I love the new ones as well!  Excellent work.


----------



## Elov (Apr 8, 2020)

Wow this is seriously amazing, and now I'm getting sad again for all the villagers that never made the cut. ;-; May I request Ace? He was my favorite villager when I was a little kid. Was seriously heartbroken when I found out I couldn't get him in any other games.


----------



## k e r f u f f l e (Apr 8, 2020)

These are amazing. You did an excellent job!


----------



## Rosie Moon (Apr 8, 2020)

Meow is my favourite discontinued villager and you made her look so cute! 
All of them are amazing!


----------



## Nerd (Apr 8, 2020)

Daveyx0 said:


> Sunny was added! Hope you like my take on her. She definitely looks like a frog I would want for my town


so cute !!! makes me sad she isnt in the game : (


----------



## ecstasy (Apr 9, 2020)

Could you do Kit the squirrel?




He's actually so cute and I'm sad he didn't make it into newer games


----------



## Daveyx0 (Apr 9, 2020)

Rosewater said:


> These are incredibly well done! Pietro replaced poor Pierre. I wonder what Woolio would have looked like



Woolio has been added \o/

Also thanks a lot to everyone for the nice words! Enjoying making these


----------



## Rosewater (Apr 9, 2020)

Daveyx0 said:


> Woolio has been added \o/
> 
> Also thanks a lot to everyone for the nice words! Enjoying making these


Omg he looks so good!! I wish he was really back lol he's such a snazzy guy

And Sunny is so cute! She would be one of my favorite villagers ever if she returned. Why did they leave behind these characters?


----------



## Daveyx0 (Apr 9, 2020)

A r i a n e said:


> these are all so cool! i wish all villagers had returned in nh. may i suggest bow?



Bow joins the party!


----------



## A r i a n e (Apr 9, 2020)

Daveyx0 said:


> Bow joins the party!


he looks so cute omg!! i definitely would have adopted him if he was in nh


----------



## Dulcettie (Apr 9, 2020)

these look so good! it makes me sad that they were discontinued


----------



## Daveyx0 (Apr 10, 2020)

Elov said:


> Wow this is seriously amazing, and now I'm getting sad again for all the villagers that never made the cut. ;-; May I request Ace? He was my favorite villager when I was a little kid. Was seriously heartbroken when I found out I couldn't get him in any other games.

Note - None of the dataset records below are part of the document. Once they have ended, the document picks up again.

definition sym_gram :: "nat \<Rightarrow> (nat \<Rightarrow> nat \<Rightarrow> int) \<Rightarrow> bool" where
  "sym_gram n G \<longleftrightarrow> (\<forall>i<n. \<forall>j<n. G i j = G j i)"

definition pos_def :: "nat \<Rightarrow> (nat \<Rightarrow> nat \<Rightarrow> int) \<Rightarrow> bool" where
  "pos_def n G \<longleftrightarrow> (\<forall>x. (\<exists>i<n. x i \<noteq> 0) \<longrightarrow> quad n G x > 0)"

text \<open>scale L = Z: the ideal generated by all B(x,y) is Z.\<close>
definition scale_one :: "nat \<Rightarrow> (nat \<Rightarrow> nat \<Rightarrow> int) \<Rightarrow> bool" where
  "scale_one n G \<longleftrightarrow> (\<forall>d::int. (\<forall>x y. d dvd bil n G x y) \<longrightarrow> d dvd 1)"

text \<open>a \<in> Q(L_p): by compactness of Z_p^n and density of Z^n, equivalent to
representability of a modulo every power of p by integral vectors.\<close>
definition local_rep :: "nat \<Rightarrow> (nat \<Rightarrow> nat \<Rightarrow> int) \<Rightarrow> int \<Rightarrow> int \<Rightarrow> bool" where
  "local_rep n G p a \<longleftrightarrow> (\<forall>k::nat. \<exists>x. [quad n G x = a] (mod p ^ k))"

definition gen_rep :: "nat \<Rightarrow> (nat \<Rightarrow> nat \<Rightarrow> int) \<Rightarrow> int \<Rightarrow> bool" where
  "gen_rep n G a \<longleftrightarrow> (\<forall>p::int. prime p \<longrightarrow> local_rep n G p a)"

definition exceptions_gen :: "nat \<Rightarrow> (nat \<Rightarrow> nat \<Rightarrow> int) \<Rightarrow> int set" where
  "exceptions_gen n G = {a. a > 0 \<and> \<not> gen_rep n G a}"

definition AP :: "int \<Rightarrow> int \<Rightarrow> int set" where
  "AP a m = {a + m * int x | x. True}"

definition admissible :: "int \<Rightarrow> int \<Rightarrow> bool" where
  "admissible a m \<longleftrightarrow> 0 < a \<and> a < m \<and>
     (\<forall>p::int. prime p \<longrightarrow> p dvd m \<longrightarrow> multiplicity p a < multiplicity p m)"

end

theory Submission
  imports Defs
begin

Ace was added! Hope you don't mind me using his original eyes instead of the happy eyes


----------



## Elov (Apr 10, 2020)

Daveyx0 said:


> Ace was added! Hope you don't mind me using his original eyes instead of the happy eyes


Oh my gosh look at him!! I'm so happy seeing my boy revived you're literally making what I never thought to be possible, happen! Thank you so much for fulfilling my request! c: and Aaaa seeing all of them together like a town in the banner is making me so happy!


----------



## Daveyx0 (Apr 11, 2020)

Sugaryy said:


> Could you do Kit the squirrel?
> View attachment 236399
> He's actually so cute and I'm sad he didn't make it into newer games



I agree! Here he is!


----------



## ecstasy (Apr 11, 2020)

Daveyx0 said:


> I agree! Here he is!


He's so cute!! Man I really hope he comes into newer games, I would want him on my island for sure!


----------



## allainah (Apr 11, 2020)

i love the way faith turned out you did amazing! and bow is so cute <3


----------



## xSuperMario64x (Apr 11, 2020)

IT's MY BOIIIIIS

If you're still taking requests, could you convert Sue E. and/or Nosegay into modern-style villagers? :>


----------



## Daveyx0 (Apr 11, 2020)

xSuperMario64x said:


> IT's MY BOIIIIIS
> 
> If you're still taking requests, could you convert Sue E. and/or Nosegay into modern-style villagers? :>



By coincidence, a redditor also requested Nosegay  So here she is! Will add Sue E. to the request list!


----------



## xSuperMario64x (Apr 11, 2020)

Daveyx0 said:


> By coincidence, a redditor also requested Nosegay  So here she is! Will add Sue E. to the request list!


YES MY BABY NOSEGAY

Also thank you, can't wait to see her!


----------



## Elov (Apr 11, 2020)

Would you be willing to do Flash as well? I've never met him in game, but I've always thought he had a really cool design.


----------



## mondogecko9 (Apr 12, 2020)

I would be elated if they brought back Bow and Meow, your renders look incredible


----------



## Daveyx0 (Apr 13, 2020)

xSuperMario64x said:


> YES MY BABY NOSEGAY
> 
> Also thank you, can't wait to see her!



Here is Sue E.! Hope you like here. Also made Quetzal for a reddit user


----------



## Mieiki (Apr 13, 2020)

Amazing renders! I would love to have that Sunny in my town


----------



## xSuperMario64x (Apr 13, 2020)

Daveyx0 said:


> Here is Sue E.! Hope you like here. Also made Quetzal for a reddit user


I LOVE THIS AHHHHH

	Post automatically merged: Apr 13, 2020

Ugh I really hope they add her to a future update!!


----------



## naclo156 (Apr 28, 2020)

I just came across this thread and made an account just to reply! These are amazing! And, it definitely seems that this is focused on villagers from the original Animal Crossing or e+ but I wonder if you'd be willing to do Inkwell the Octopus from ACNL Welcome Amiibo? He was my favorite of the crossover villagers and it sucks he's not in NH because of there only being 4 octopus villagers in the entire series.


----------



## xara (Apr 30, 2020)

wait i love pierre and sunny

could i maybe request tiara the rhino whenever you have time? ;u;


----------



## ScaryStudies (Jun 12, 2020)

I made an account to say that this is really cool! I would love to make my own but I lack the knowledge :C Although I just lack knowledge in general hm... Anyways  I wanted to say I'm glad you remade Quetzal! My name is actually Quetzal so it's cool to see appreciation for him! It's a shame he never made it back :L


----------



## Lattecakes (Jun 12, 2020)

Wow!!! They all look amazing! Makes me wish Sunny and Ace was in the game


----------



## Shellzilla_515 (Jun 13, 2020)

It’s almost like the real thing! Could you do Sven, please? Senior villagers need some love too.


----------



## toxapex (Aug 30, 2020)

I just ran into this thread on google while doing some research for a personal project. These are awesome! I so wish Sue E. especially was in a newer game.


----------



## nightxshift (Aug 30, 2020)

YOU NAILED IT-


----------



## BluebearL (Sep 1, 2020)

Meow and Bow shouldn't have been discontinued, I can imagine them being very popular now. Anyway these are really good conversions! I'd love to see Petunia (the Rhino not the Cow) if possible!


----------



## princess.looking.for.frog (Sep 4, 2020)

If you get back into this soon, I would love to see Nindori!


----------